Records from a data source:
┄┄┄┄┄┄┄┄┄┄

(* Let $(M,g)$ be a Hessian manifold. Then all Pontryagin forms of $(M,g)$ vanish identically.
   Context: A Riemannian metric $g$ on $M$ is Hessian if around each point there are local coordinates $x_1,\dots,x_n$ and a function $\phi$ with $g_{ij} = \partial^2\phi/\partial x_i\partial x_j$. For a connection on a complex vector bundle with curvature matrix of $2$-forms $\Omega$ (in a local frame) and an invariant polynomial $P$, $P(\Omega)$ is a well-defined closed form. Let $P_k$ be the invariant polynomial given by the coefficient of $t^k$ in $\det(I+tX)$. The Pontryagin forms of $(M,g)$ are the forms $P_{2k}(\Omega)$, $k\ge 1$, where $\Omega$ is the curvature of the Levi-Civita connection extended to the complexified tangent bundle $TM\otimes\mathbb{C}$; they are the closed forms, polynomial in the curvature, representing (up to constant factors) the Pontryagin classes $p_k(M) = (-1)^k c_{2k}(TM\otimes\mathbb{C})$. *)

theory Defs
  imports "HOL-Analysis.Analysis"
begin

text \<open>Local-coordinate differential geometry on an open set U of real^'n.
  Coordinates are indexed by the finite type 'n; the coordinate vector fields
  are the standard basis vectors (axis i 1).\<close>

definition pd :: "'n::finite \<Rightarrow> (real^'n \<Rightarrow> real) \<Rightarrow> real^'n \<Rightarrow> real" where
  "pd i f x = deriv (\<lambda>t. f (x + t *\<^sub>R axis i 1)) 0"

fun pds :: "'n::finite list \<Rightarrow> (real^'n \<Rightarrow> real) \<Rightarrow> real^'n \<Rightarrow> real" where
  "pds [] f = f"
| "pds (i # is) f = pd i (pds is f)"

definition smooth_on :: "(real^'n::finite) set \<Rightarrow> (real^'n \<Rightarrow> real) \<Rightarrow> bool" where
  "smooth_on U f \<longleftrightarrow> (\<forall>is. pds is f differentiable_on U)"

definition hessian :: "(real^'n::finite \<Rightarrow> real) \<Rightarrow> 'n \<Rightarrow> 'n \<Rightarrow> real^'n \<Rightarrow> real" where
  "hessian \<phi> i j = pd i (pd j \<phi>)"

definition pos_def_metric_on ::
    "(real^'n::finite) set \<Rightarrow> ('n \<Rightarrow> 'n \<Rightarrow> real^'n \<Rightarrow> real) \<Rightarrow> bool" where
  "pos_def_metric_on U g \<longleftrightarrow>
     (\<forall>x\<in>U. (\<forall>i j. g i j x = g j i x) \<and>
        (\<forall>v::real^'n. v \<noteq> 0 \<longrightarrow> (\<Sum>i\<in>UNIV. \<Sum>j\<in>UNIV. g i j x * v$i * v$j) > 0))"

definition metric_inv :: "('n::finite \<Rightarrow> 'n \<Rightarrow> real^'n \<Rightarrow> real) \<Rightarrow> real^'n \<Rightarrow> 'n \<Rightarrow> 'n \<Rightarrow> real" where
  "metric_inv g x k l = matrix_inv (\<chi> i j. g i j x) $ k $ l"

text \<open>Christoffel symbols Gamma^k_{ij} of the Levi-Civita connection,
  nabla_{d_i} d_j = sum_k Gamma^k_{ij} d_k.\<close>
definition christoffel :: "('n::finite \<Rightarrow> 'n \<Rightarrow> real^'n \<Rightarrow> real) \<Rightarrow> 'n \<Rightarrow> 'n \<Rightarrow> 'n \<Rightarrow> real^'n \<Rightarrow> real" where
  "christoffel g k i j x =
     (1/2) * (\<Sum>l\<in>UNIV. metric_inv g x k l *
                 (pd i (g j l) x + pd j (g i l) x - pd l (g i j) x))"

text \<open>Components R^i_{jkl} of the curvature in the coordinate frame: with the
  connection matrix omega^i_j = sum_k Gamma^i_{kj} dx^k, the curvature matrix
  Omega = d omega + omega wedge omega satisfies Omega^i_j(d_k, d_l) = R^i_{jkl}.\<close>
definition curv :: "('n::finite \<Rightarrow> 'n \<Rightarrow> real^'n \<Rightarrow> real) \<Rightarrow> 'n \<Rightarrow> 'n \<Rightarrow> 'n \<Rightarrow> 'n \<Rightarrow> real^'n \<Rightarrow> real" where
  "curv g i j k l x =
     pd k (christoffel g i l j) x - pd l (christoffel g i k j) x
     + (\<Sum>m\<in>UNIV. christoffel g i k m x * christoffel g m l j x
                 - christoffel g i l m x * christoffel g m k j x)"

definition curv_form :: "('n::finite \<Rightarrow> 'n \<Rightarrow> real^'n \<Rightarrow> real) \<Rightarrow> real^'n \<Rightarrow> 'n \<Rightarrow> 'n \<Rightarrow> real^'n \<Rightarrow> real^'n \<Rightarrow> real" where
  "curv_form g x i j u w = (\<Sum>k\<in>UNIV. \<Sum>l\<in>UNIV. curv g i j k l x * u$k * w$l)"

┄┄┄┄┄┄┄┄┄┄

_Activity_
Write out exactly the lines between the start of the entries and the line containing "deriv (\<lambda>t. f", including that line and the first one.

_Result of this task_
(* Let $(M,g)$ be a Hessian manifold. Then all Pontryagin forms of $(M,g)$ vanish identically.
   Context: A Riemannian metric $g$ on $M$ is Hessian if around each point there are local coordinates $x_1,\dots,x_n$ and a function $\phi$ with $g_{ij} = \partial^2\phi/\partial x_i\partial x_j$. For a connection on a complex vector bundle with curvature matrix of $2$-forms $\Omega$ (in a local frame) and an invariant polynomial $P$, $P(\Omega)$ is a well-defined closed form. Let $P_k$ be the invariant polynomial given by the coefficient of $t^k$ in $\det(I+tX)$. The Pontryagin forms of $(M,g)$ are the forms $P_{2k}(\Omega)$, $k\ge 1$, where $\Omega$ is the curvature of the Levi-Civita connection extended to the complexified tangent bundle $TM\otimes\mathbb{C}$; they are the closed forms, polynomial in the curvature, representing (up to constant factors) the Pontryagin classes $p_k(M) = (-1)^k c_{2k}(TM\otimes\mathbb{C})$. *)

theory Defs
  imports "HOL-Analysis.Analysis"
begin

text \<open>Local-coordinate differential geometry on an open set U of real^'n.
  Coordinates are indexed by the finite type 'n; the coordinate vector fields
  are the standard basis vectors (axis i 1).\<close>

definition pd :: "'n::finite \<Rightarrow> (real^'n \<Rightarrow> real) \<Rightarrow> real^'n \<Rightarrow> real" where
  "pd i f x = deriv (\<lambda>t. f (x + t *\<^sub>R axis i 1)) 0"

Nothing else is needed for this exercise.